[Records from a data collection]
- Opening Delimiter -
lemma Gam_pointwise_seq_continuous:
  fixes II :: "'i \<Rightarrow> 'i set"
  assumes go: "gain_operator II \<gamma> \<mu>"
  shows "pointwise_seq_continuous (Gam II \<gamma> \<mu>)"
  unfolding pointwise_seq_continuous_def
proof (intro allI impI)
  fix x :: "nat \<Rightarrow> 'i \<Rightarrow> real" and s i assume x: "range x \<subseteq> nonneg_cone" and s: "s \<in> nonneg_cone"
    and conv: "\<forall>j. (\<lambda>n. x n j) \<longlonglongrightarrow> s j"
  have "(\<lambda>n. \<gamma> i j (x n j)) \<longlonglongrightarrow> \<gamma> i j (s j)" if "j \<in> II i" for j
  proof (rule continuous_on_tendsto_compose[OF Kinf_continuous_on[OF gain_operator_Kinf[OF go that]]])
    show "(\<lambda>n. x n j) \<longlonglongrightarrow> s j"
      using conv by blast
    show "s j \<in> {0..}"
      using s by (simp add: nonneg_cone_def)
    show "\<forall>\<^sub>F n in sequentially. x n j \<in> {0..}"
      using x by (auto simp: nonneg_cone_def intro!: always_eventually)
  qed
  then have "(\<lambda>n. gain_input II \<gamma> i (x n) j) \<longlonglongrightarrow> gain_input II \<gamma> i s j" if "j \<in> II i" for j
    using that by (simp add: gain_input_def)
  then show "(\<lambda>n. Gam II \<gamma> \<mu> (x n) i) \<longlonglongrightarrow> Gam II \<gamma> \<mu> s i"
    unfolding Gam_eq_gain_input using x s
    by (intro mu_tendsto_finite_support[OF go gain_operator_finite[OF go]] gain_input_in_lpos[OF go])
      (auto simp: gain_input_outside)
qed

lemma monotone_cone_operator_Gam:
  "gain_operator II \<gamma> \<mu> \<Longrightarrow> monotone_cone_operator (Gam II \<gamma> \<mu>)"
  by unfold_locales (auto intro: Gam_mono Gam_in_nonneg_cone Gam_pointwise_seq_continuous)

theorem proposition2p23:
  fixes II :: "'i::countable \<Rightarrow> 'i set"
    and \<gamma> :: "'i \<Rightarrow> 'i \<Rightarrow> real \<Rightarrow> real"
    and \<mu> :: "'i \<Rightarrow> ('i \<Rightarrow> real) \<Rightarrow> ennreal"
  assumes "gain_operator II \<gamma> \<mu>"
  defines "\<Gamma> \<equiv> Gam II \<gamma> \<mu>"
  shows "(cofinal (Psi \<Gamma>) \<longleftrightarrow> (\<forall>b\<in>lpos. trajectories_bounded (\<lambda>s. omax b (\<Gamma> s))))
       \<and> (cofinal (Psi \<Gamma>) \<longleftrightarrow> trajectories_bounded (\<lambda>s. omax s (\<Gamma> s)))
       \<and> (cofinal (Psi \<Gamma>) \<longleftrightarrow>
            (\<forall>s\<in>lpos. \<exists>s'\<in>lpos. \<exists>n\<ge>1. (\<forall>l<n. s \<le> (\<Gamma> ^^ l) s') \<and> (\<Gamma> ^^ n) s' \<le> s'))"
proof -
  interpret monotone_cone_operator \<Gamma>
    unfolding \<Gamma>_def by (rule monotone_cone_operator_Gam[OF assms(1)])
  show ?thesis
    using cofinal_iff_trajectories_bounded_omax_const cofinal_iff_trajectories_bounded_omax_self
      cofinal_iff_dominating_orbit by blast
qed

end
- Closing Delimiter -
[TASK PROMPT]
Each record must be repeated exactly as it appears above.

[REPLY]
lemma Gam_pointwise_seq_continuous:
  fixes II :: "'i \<Rightarrow> 'i set"
  assumes go: "gain_operator II \<gamma> \<mu>"
  shows "pointwise_seq_continuous (Gam II \<gamma> \<mu>)"
  unfolding pointwise_seq_continuous_def
proof (intro allI impI)
  fix x :: "nat \<Rightarrow> 'i \<Rightarrow> real" and s i assume x: "range x \<subseteq> nonneg_cone" and s: "s \<in> nonneg_cone"
    and conv: "\<forall>j. (\<lambda>n. x n j) \<longlonglongrightarrow> s j"
  have "(\<lambda>n. \<gamma> i j (x n j)) \<longlonglongrightarrow> \<gamma> i j (s j)" if "j \<in> II i" for j
  proof (rule continuous_on_tendsto_compose[OF Kinf_continuous_on[OF gain_operator_Kinf[OF go that]]])
    show "(\<lambda>n. x n j) \<longlonglongrightarrow> s j"
      using conv by blast
    show "s j \<in> {0..}"
      using s by (simp add: nonneg_cone_def)
    show "\<forall>\<^sub>F n in sequentially. x n j \<in> {0..}"
      using x by (auto simp: nonneg_cone_def intro!: always_eventually)
  qed
  then have "(\<lambda>n. gain_input II \<gamma> i (x n) j) \<longlonglongrightarrow> gain_input II \<gamma> i s j" if "j \<in> II i" for j
    using that by (simp add: gain_input_def)
  then show "(\<lambda>n. Gam II \<gamma> \<mu> (x n) i) \<longlonglongrightarrow> Gam II \<gamma> \<mu> s i"
    unfolding Gam_eq_gain_input using x s
    by (intro mu_tendsto_finite_support[OF go gain_operator_finite[OF go]] gain_input_in_lpos[OF go])
      (auto simp: gain_input_outside)
qed

lemma monotone_cone_operator_Gam:
  "gain_operator II \<gamma> \<mu> \<Longrightarrow> monotone_cone_operator (Gam II \<gamma> \<mu>)"
  by unfold_locales (auto intro: Gam_mono Gam_in_nonneg_cone Gam_pointwise_seq_continuous)

theorem proposition2p23:
  fixes II :: "'i::countable \<Rightarrow> 'i set"
    and \<gamma> :: "'i \<Rightarrow> 'i \<Rightarrow> real \<Rightarrow> real"
    and \<mu> :: "'i \<Rightarrow> ('i \<Rightarrow> real) \<Rightarrow> ennreal"
  assumes "gain_operator II \<gamma> \<mu>"
  defines "\<Gamma> \<equiv> Gam II \<gamma> \<mu>"
  shows "(cofinal (Psi \<Gamma>) \<longleftrightarrow> (\<forall>b\<in>lpos. trajectories_bounded (\<lambda>s. omax b (\<Gamma> s))))
       \<and> (cofinal (Psi \<Gamma>) \<longleftrightarrow> trajectories_bounded (\<lambda>s. omax s (\<Gamma> s)))
       \<and> (cofinal (Psi \<Gamma>) \<longleftrightarrow>
            (\<forall>s\<in>lpos. \<exists>s'\<in>lpos. \<exists>n\<ge>1. (\<forall>l<n. s \<le> (\<Gamma> ^^ l) s') \<and> (\<Gamma> ^^ n) s' \<le> s'))"
proof -
  interpret monotone_cone_operator \<Gamma>
    unfolding \<Gamma>_def by (rule monotone_cone_operator_Gam[OF assms(1)])
  show ?thesis
    using cofinal_iff_trajectories_bounded_omax_const cofinal_iff_trajectories_bounded_omax_self
      cofinal_iff_dominating_orbit by blast
qed

end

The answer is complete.